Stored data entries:
□ □ □ □

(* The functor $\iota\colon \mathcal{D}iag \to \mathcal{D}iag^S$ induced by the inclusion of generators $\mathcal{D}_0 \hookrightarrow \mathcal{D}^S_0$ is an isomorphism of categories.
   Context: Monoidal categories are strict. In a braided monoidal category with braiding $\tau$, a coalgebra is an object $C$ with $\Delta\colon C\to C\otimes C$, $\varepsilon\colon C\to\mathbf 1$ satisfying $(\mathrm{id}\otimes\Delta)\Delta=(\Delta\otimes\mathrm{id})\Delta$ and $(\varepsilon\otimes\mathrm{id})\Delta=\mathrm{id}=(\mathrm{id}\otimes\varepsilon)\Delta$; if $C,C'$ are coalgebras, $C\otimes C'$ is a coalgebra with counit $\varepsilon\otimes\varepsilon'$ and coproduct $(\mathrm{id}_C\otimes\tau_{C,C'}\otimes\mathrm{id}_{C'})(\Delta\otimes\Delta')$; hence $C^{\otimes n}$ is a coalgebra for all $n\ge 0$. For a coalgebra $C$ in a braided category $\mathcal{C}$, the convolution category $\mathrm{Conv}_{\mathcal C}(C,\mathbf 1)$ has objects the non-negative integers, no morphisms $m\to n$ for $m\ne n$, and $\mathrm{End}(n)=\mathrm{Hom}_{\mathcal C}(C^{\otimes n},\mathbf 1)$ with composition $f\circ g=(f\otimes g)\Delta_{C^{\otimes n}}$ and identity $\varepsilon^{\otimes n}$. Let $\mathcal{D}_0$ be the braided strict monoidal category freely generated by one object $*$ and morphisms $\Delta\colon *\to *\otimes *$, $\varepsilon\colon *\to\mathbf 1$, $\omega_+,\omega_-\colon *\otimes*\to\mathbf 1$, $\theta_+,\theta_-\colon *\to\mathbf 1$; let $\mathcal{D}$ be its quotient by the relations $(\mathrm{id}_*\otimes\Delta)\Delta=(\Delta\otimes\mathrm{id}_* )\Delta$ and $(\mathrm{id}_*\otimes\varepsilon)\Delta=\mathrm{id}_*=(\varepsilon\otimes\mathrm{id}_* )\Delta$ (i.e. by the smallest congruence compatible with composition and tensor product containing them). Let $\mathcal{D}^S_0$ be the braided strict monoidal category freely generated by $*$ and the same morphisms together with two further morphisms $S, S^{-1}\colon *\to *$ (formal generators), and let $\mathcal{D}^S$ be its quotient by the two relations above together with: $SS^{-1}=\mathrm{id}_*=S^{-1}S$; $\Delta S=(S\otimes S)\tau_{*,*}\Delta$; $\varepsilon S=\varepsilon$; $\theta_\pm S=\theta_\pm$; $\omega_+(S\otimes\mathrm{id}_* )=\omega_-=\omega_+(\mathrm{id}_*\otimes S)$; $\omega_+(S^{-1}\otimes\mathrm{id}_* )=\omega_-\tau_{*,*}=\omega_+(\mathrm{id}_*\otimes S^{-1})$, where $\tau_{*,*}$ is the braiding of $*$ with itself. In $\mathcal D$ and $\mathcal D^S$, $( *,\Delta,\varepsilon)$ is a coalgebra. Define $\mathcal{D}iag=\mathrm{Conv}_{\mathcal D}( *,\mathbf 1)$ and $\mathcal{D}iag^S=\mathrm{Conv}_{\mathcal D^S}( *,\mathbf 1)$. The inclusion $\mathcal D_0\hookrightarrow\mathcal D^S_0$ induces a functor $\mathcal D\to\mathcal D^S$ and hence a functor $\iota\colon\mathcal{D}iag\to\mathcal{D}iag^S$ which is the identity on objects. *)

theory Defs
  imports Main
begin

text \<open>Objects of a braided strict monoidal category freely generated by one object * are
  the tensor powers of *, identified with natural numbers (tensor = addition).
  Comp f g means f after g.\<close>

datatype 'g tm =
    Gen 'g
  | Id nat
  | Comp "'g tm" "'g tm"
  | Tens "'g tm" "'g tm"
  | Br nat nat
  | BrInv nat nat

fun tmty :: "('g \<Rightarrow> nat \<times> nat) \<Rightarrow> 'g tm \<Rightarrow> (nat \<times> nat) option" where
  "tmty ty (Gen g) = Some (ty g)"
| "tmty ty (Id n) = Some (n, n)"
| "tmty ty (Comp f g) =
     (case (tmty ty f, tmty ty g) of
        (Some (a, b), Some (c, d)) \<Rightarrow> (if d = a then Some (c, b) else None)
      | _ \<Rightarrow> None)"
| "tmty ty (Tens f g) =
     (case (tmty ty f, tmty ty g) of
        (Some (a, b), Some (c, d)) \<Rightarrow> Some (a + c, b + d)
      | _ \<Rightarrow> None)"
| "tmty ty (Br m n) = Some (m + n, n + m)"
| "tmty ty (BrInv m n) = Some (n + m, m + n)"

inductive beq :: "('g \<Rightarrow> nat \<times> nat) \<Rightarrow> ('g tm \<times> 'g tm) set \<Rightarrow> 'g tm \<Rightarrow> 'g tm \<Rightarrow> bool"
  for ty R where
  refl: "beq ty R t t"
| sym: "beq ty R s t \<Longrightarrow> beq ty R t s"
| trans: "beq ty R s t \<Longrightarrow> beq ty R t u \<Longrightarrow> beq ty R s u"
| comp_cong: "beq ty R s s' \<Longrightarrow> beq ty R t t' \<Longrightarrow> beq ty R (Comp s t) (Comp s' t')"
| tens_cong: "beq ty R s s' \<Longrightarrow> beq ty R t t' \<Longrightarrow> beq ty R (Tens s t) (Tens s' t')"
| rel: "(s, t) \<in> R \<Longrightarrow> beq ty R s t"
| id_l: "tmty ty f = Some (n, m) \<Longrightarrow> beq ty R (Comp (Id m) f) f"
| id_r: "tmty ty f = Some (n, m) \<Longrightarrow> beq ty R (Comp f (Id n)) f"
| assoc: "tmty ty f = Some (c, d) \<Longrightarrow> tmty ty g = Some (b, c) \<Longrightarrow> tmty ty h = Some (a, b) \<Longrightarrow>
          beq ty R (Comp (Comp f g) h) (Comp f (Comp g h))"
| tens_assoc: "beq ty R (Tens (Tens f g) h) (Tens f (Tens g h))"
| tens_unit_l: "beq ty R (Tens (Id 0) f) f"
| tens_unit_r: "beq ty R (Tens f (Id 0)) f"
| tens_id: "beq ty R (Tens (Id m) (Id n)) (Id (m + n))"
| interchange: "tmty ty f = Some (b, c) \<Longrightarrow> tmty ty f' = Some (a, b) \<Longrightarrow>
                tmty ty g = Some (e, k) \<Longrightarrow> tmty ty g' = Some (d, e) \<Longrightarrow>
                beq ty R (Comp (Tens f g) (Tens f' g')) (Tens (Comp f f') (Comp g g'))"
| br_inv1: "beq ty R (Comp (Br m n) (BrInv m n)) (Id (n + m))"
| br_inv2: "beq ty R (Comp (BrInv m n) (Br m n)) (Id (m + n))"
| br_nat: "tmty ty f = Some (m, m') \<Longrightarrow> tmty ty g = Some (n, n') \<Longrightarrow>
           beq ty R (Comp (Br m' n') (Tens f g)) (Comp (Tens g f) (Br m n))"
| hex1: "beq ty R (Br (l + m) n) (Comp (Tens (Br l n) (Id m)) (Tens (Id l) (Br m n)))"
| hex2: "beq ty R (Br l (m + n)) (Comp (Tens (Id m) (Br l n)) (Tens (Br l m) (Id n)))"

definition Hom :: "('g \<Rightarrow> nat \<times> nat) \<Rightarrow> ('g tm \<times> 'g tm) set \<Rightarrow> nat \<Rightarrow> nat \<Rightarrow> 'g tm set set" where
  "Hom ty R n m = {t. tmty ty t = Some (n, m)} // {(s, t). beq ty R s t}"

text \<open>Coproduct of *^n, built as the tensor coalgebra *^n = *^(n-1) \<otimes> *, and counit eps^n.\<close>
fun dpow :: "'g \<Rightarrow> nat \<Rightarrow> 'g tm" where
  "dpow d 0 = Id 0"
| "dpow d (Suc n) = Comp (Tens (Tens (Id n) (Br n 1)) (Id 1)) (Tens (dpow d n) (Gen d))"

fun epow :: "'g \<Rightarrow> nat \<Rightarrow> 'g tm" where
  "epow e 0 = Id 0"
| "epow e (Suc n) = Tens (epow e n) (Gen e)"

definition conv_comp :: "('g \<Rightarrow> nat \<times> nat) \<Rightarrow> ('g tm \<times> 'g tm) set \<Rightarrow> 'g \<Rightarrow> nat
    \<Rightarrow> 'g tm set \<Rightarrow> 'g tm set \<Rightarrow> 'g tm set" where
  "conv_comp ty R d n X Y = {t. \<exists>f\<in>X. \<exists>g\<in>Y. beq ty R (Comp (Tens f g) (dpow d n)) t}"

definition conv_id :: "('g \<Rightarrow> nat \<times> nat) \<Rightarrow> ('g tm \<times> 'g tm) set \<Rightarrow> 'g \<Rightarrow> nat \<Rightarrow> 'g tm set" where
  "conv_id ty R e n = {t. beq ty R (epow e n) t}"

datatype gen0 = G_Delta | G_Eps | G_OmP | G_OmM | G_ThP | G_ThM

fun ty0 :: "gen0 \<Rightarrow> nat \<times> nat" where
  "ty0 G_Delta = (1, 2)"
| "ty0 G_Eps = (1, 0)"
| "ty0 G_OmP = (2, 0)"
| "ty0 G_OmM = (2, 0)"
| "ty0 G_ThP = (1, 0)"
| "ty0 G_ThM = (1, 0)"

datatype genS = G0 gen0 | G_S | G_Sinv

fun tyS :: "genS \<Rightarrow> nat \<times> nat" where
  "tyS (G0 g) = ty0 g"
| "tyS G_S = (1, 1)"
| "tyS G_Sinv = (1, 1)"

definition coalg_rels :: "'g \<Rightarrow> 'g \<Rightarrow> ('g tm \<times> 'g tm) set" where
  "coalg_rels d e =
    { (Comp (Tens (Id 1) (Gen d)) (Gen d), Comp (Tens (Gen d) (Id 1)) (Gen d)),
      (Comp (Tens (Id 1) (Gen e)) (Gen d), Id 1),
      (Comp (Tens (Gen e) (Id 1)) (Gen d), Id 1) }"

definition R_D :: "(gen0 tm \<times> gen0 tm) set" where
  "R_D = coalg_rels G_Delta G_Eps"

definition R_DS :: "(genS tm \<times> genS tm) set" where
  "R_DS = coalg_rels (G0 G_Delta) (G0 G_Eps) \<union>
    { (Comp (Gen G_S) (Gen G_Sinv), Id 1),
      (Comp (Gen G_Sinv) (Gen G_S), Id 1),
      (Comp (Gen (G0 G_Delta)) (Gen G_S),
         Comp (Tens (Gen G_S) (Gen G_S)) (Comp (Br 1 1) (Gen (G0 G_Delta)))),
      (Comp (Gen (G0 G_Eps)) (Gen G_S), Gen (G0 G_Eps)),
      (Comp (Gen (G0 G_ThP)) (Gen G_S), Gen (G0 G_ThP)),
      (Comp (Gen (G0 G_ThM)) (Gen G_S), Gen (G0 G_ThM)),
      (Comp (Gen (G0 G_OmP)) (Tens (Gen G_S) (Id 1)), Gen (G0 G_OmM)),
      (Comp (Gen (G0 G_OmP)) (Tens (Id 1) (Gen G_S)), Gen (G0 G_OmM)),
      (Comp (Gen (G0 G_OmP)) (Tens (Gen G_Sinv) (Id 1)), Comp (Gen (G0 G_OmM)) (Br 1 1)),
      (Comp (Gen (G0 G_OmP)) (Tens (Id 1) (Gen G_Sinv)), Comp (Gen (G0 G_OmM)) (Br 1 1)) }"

□ □ □ □

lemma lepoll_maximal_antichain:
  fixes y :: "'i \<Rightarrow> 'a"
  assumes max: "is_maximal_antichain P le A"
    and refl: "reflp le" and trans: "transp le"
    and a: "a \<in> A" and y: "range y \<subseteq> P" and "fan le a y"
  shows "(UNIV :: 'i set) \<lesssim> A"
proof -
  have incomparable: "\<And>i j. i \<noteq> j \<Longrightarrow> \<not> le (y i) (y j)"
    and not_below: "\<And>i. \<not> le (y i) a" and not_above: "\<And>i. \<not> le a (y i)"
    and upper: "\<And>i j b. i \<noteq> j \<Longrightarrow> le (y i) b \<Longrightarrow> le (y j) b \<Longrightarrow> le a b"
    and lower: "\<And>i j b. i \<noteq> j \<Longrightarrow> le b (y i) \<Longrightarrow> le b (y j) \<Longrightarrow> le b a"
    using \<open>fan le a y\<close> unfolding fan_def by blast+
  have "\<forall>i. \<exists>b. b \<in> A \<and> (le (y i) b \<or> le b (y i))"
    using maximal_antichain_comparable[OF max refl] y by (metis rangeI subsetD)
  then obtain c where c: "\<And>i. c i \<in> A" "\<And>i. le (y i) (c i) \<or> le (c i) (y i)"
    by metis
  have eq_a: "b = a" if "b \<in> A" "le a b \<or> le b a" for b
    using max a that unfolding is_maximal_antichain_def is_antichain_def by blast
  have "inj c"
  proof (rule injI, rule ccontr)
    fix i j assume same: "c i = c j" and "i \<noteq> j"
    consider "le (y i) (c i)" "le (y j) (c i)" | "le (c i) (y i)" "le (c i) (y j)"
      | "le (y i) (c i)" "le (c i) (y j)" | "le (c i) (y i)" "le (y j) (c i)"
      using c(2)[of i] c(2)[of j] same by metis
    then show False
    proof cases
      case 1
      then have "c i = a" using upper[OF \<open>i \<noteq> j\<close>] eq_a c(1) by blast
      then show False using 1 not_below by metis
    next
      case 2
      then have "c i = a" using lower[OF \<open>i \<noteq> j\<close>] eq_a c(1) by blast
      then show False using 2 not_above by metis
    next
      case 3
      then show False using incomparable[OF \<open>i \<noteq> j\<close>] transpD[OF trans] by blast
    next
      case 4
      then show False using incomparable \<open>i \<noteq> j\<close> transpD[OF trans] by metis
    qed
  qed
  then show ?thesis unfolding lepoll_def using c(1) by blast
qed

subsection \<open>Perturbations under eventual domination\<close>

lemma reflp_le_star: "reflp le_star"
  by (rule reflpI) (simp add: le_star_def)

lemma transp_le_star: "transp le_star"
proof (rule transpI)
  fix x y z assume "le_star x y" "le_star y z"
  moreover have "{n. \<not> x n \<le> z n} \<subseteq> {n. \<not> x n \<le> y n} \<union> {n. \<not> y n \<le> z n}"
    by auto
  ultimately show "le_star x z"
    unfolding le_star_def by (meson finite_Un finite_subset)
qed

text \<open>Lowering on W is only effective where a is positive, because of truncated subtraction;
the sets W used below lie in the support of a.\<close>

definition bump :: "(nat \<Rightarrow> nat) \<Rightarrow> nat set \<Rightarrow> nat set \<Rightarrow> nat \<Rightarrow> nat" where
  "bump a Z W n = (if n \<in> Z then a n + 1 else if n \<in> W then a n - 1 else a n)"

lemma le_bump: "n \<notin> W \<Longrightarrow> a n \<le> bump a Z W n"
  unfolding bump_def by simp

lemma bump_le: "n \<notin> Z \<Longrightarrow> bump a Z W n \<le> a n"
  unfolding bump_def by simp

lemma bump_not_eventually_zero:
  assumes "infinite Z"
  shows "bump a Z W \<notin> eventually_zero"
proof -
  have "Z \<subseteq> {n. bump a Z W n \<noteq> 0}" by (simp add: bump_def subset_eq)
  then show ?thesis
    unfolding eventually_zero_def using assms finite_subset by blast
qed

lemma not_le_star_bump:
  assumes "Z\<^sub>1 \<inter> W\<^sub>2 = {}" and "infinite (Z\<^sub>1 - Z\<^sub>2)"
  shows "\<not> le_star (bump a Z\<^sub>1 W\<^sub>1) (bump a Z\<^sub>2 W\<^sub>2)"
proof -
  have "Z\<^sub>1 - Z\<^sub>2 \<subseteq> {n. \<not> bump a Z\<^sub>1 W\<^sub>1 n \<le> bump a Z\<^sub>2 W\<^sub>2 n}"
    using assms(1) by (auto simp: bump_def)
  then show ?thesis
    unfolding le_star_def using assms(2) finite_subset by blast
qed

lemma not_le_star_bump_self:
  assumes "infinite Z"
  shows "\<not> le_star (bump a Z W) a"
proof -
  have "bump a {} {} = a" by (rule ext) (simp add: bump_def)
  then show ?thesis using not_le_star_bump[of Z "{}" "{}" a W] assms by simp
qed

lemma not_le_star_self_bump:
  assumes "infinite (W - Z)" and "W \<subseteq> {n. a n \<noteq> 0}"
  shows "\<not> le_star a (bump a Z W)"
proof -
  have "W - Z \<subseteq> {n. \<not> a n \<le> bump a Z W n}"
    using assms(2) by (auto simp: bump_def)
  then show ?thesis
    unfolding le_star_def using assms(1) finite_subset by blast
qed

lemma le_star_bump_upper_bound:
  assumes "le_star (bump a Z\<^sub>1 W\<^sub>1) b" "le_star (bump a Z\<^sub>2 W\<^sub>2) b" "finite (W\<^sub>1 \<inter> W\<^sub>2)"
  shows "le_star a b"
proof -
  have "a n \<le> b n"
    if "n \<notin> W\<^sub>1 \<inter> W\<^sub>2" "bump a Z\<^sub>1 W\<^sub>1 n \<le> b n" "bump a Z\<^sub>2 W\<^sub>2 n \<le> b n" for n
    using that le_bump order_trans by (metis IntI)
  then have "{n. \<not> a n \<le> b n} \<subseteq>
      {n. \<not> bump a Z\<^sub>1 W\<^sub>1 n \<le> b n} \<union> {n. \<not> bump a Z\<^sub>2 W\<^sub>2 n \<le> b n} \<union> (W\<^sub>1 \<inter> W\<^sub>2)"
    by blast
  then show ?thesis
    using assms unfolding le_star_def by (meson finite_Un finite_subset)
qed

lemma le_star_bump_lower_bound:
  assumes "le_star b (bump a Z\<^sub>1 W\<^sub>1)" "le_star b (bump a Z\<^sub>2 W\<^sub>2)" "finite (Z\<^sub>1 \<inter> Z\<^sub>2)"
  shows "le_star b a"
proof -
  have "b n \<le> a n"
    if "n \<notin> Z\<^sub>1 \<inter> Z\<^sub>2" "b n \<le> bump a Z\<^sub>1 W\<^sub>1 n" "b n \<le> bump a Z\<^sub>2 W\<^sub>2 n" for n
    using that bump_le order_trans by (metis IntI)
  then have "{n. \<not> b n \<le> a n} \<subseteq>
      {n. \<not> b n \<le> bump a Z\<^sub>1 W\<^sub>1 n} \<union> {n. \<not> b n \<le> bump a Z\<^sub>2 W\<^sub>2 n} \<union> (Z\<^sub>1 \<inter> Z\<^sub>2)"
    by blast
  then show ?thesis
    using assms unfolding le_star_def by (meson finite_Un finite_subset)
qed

□ □ □ □

■ **Work to be completed**
Wherever the line holding "Comp (Tens (Gen G_S)" falls in the entries above, copy exactly from it through the line holding "(Comp (Gen (G0 G_OmP)) (Tens (Gen G_S)", inclusive, and add nothing.

■ **Answer below**
         Comp (Tens (Gen G_S) (Gen G_S)) (Comp (Br 1 1) (Gen (G0 G_Delta)))),
      (Comp (Gen (G0 G_Eps)) (Gen G_S), Gen (G0 G_Eps)),
      (Comp (Gen (G0 G_ThP)) (Gen G_S), Gen (G0 G_ThP)),
      (Comp (Gen (G0 G_ThM)) (Gen G_S), Gen (G0 G_ThM)),
      (Comp (Gen (G0 G_OmP)) (Tens (Gen G_S) (Id 1)), Gen (G0 G_OmM)),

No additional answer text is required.